## Exercise objective
Write out each line of the records that has "cases" in it.

'''

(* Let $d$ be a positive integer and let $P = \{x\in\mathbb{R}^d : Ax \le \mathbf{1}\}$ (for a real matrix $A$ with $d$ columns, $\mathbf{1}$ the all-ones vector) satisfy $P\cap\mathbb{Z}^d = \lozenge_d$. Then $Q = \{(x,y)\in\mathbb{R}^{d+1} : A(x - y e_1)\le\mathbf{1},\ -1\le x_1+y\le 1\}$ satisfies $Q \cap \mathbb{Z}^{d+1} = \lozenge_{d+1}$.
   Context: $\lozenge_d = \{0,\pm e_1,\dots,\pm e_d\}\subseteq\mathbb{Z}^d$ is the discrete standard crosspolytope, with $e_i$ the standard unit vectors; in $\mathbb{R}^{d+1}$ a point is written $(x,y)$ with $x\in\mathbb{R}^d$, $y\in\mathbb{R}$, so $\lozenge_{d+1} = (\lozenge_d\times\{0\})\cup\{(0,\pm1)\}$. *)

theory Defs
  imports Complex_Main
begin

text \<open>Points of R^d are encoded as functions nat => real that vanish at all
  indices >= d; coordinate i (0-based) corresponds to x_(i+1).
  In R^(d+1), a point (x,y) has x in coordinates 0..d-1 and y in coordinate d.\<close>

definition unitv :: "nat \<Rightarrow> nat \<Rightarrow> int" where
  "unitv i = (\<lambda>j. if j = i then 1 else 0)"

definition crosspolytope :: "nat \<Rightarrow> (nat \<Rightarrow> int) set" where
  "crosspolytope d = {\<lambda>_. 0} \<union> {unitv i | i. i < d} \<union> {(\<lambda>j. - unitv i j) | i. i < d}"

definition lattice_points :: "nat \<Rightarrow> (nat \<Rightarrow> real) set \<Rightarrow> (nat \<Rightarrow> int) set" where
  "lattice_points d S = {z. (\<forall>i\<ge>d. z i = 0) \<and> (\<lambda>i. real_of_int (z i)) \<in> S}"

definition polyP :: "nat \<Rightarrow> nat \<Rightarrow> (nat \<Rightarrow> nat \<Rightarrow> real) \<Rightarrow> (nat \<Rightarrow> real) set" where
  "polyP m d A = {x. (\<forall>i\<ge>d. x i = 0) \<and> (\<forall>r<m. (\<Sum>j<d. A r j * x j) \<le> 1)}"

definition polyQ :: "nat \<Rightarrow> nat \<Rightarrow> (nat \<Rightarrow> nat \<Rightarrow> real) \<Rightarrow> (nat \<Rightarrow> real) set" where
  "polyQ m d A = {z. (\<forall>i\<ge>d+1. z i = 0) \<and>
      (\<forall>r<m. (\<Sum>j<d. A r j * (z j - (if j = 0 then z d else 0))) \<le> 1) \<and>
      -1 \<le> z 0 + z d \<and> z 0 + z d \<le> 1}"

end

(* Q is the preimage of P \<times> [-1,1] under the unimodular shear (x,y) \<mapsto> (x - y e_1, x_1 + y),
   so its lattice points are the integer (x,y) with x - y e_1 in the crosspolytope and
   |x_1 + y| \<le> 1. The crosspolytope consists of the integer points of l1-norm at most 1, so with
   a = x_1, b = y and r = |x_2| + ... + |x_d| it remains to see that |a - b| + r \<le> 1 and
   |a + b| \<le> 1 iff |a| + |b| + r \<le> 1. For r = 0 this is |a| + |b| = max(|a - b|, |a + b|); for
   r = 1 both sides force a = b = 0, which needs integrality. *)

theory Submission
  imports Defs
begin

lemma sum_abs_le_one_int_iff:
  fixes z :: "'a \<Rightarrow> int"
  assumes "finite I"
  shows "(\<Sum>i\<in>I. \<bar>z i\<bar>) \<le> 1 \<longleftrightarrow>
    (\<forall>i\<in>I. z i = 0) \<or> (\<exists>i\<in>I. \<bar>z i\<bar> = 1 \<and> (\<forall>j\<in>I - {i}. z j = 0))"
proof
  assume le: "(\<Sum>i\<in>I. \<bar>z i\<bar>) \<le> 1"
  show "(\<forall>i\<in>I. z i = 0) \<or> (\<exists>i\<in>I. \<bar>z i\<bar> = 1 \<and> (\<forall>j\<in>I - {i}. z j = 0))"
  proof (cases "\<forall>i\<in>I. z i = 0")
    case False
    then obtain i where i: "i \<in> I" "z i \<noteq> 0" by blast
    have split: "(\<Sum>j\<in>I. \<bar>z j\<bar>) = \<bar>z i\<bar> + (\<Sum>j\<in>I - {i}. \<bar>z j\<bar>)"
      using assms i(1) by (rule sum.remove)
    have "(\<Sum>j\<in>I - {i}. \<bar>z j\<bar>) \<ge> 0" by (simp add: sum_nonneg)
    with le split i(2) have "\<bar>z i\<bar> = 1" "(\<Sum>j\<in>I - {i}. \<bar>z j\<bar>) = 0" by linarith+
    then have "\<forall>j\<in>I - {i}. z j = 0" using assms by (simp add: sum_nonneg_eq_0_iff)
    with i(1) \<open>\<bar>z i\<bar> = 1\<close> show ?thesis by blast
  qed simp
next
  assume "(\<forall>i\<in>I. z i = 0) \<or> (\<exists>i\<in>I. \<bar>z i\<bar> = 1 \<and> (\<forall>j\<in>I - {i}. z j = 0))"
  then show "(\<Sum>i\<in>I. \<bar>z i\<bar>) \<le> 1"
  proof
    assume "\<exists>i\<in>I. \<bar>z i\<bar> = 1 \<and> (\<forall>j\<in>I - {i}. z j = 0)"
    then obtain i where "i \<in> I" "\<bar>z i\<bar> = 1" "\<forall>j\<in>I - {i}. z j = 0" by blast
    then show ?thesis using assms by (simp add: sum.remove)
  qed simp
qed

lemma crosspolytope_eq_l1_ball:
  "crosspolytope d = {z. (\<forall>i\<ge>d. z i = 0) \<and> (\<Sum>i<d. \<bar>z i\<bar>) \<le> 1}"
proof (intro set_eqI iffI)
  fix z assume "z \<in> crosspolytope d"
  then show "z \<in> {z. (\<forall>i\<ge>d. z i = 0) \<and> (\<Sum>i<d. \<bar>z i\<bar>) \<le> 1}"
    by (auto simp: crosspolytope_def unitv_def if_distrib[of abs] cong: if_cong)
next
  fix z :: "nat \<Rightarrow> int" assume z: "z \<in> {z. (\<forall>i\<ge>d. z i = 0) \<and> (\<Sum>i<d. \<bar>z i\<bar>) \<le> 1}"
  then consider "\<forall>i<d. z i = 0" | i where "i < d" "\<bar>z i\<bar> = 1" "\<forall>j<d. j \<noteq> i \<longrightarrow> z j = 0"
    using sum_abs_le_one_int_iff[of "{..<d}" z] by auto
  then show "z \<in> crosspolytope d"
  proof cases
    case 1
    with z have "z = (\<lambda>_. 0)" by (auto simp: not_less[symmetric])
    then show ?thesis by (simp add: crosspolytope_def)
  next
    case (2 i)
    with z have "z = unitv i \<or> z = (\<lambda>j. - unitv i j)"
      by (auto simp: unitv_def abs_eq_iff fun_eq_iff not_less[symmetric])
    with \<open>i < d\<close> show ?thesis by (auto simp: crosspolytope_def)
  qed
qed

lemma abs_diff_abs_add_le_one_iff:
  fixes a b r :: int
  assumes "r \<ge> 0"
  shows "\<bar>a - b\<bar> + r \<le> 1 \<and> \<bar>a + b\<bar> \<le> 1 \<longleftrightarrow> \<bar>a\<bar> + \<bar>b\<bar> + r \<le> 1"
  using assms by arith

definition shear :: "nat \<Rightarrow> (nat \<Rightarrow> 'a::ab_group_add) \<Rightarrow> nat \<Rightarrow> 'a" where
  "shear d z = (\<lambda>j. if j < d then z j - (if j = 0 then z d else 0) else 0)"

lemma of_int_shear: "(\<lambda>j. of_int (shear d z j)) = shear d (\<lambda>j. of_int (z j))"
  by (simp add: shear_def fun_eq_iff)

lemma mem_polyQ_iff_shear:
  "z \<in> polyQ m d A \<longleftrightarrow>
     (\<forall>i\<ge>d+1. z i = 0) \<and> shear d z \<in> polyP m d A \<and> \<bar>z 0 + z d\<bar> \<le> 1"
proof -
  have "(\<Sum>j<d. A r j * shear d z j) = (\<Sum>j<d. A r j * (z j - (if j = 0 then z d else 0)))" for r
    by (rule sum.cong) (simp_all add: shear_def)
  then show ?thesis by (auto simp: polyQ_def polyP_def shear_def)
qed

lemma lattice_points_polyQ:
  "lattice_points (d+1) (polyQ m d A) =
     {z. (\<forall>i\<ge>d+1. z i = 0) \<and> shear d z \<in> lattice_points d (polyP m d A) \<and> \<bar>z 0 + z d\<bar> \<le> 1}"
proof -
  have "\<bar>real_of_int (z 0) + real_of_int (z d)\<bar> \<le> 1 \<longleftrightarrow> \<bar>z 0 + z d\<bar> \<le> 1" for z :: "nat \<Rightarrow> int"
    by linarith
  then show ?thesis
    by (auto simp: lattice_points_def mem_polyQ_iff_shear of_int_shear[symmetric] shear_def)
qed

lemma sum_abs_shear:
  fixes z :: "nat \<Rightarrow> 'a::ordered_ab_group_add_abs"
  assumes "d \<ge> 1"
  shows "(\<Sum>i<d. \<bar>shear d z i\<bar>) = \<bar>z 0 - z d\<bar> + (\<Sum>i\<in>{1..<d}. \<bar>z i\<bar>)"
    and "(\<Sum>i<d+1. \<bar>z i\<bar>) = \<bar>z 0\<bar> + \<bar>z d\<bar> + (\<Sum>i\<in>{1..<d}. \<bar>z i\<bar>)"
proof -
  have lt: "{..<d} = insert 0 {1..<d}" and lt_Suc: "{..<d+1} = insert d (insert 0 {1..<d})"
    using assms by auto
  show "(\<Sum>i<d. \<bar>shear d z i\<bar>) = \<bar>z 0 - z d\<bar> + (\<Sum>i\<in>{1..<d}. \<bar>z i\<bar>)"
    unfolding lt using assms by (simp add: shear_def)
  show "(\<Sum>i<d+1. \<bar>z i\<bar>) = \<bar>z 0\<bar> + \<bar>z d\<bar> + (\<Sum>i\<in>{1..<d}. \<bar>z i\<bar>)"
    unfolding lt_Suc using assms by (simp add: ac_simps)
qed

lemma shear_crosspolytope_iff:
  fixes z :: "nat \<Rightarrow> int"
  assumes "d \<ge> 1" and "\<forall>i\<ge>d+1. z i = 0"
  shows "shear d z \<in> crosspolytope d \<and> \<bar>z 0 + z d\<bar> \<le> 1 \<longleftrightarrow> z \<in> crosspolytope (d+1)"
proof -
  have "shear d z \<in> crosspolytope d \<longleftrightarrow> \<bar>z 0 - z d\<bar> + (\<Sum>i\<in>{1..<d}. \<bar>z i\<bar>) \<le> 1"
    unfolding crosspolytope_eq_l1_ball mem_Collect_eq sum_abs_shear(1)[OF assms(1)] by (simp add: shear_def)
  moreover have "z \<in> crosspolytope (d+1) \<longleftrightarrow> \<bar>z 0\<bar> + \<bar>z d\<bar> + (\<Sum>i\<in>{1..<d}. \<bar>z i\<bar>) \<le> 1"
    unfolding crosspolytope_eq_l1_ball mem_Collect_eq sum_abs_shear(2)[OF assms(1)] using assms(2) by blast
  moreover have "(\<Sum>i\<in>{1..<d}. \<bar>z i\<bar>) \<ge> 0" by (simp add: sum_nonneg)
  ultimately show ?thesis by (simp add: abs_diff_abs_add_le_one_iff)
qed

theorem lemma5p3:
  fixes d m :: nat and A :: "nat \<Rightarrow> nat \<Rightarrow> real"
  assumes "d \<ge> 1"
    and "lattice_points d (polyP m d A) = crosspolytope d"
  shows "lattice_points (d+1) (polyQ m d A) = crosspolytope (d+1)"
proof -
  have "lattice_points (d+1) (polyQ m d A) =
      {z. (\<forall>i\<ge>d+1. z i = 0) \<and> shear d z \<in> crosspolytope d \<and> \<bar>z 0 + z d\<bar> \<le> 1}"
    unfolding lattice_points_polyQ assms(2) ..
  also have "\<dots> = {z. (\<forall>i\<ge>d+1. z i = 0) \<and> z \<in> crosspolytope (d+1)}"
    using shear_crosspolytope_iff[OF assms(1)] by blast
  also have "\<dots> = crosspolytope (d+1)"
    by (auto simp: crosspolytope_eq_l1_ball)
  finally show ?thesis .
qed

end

'''

## Exercise solution
  proof (cases "\<forall>i\<in>I. z i = 0")
  proof cases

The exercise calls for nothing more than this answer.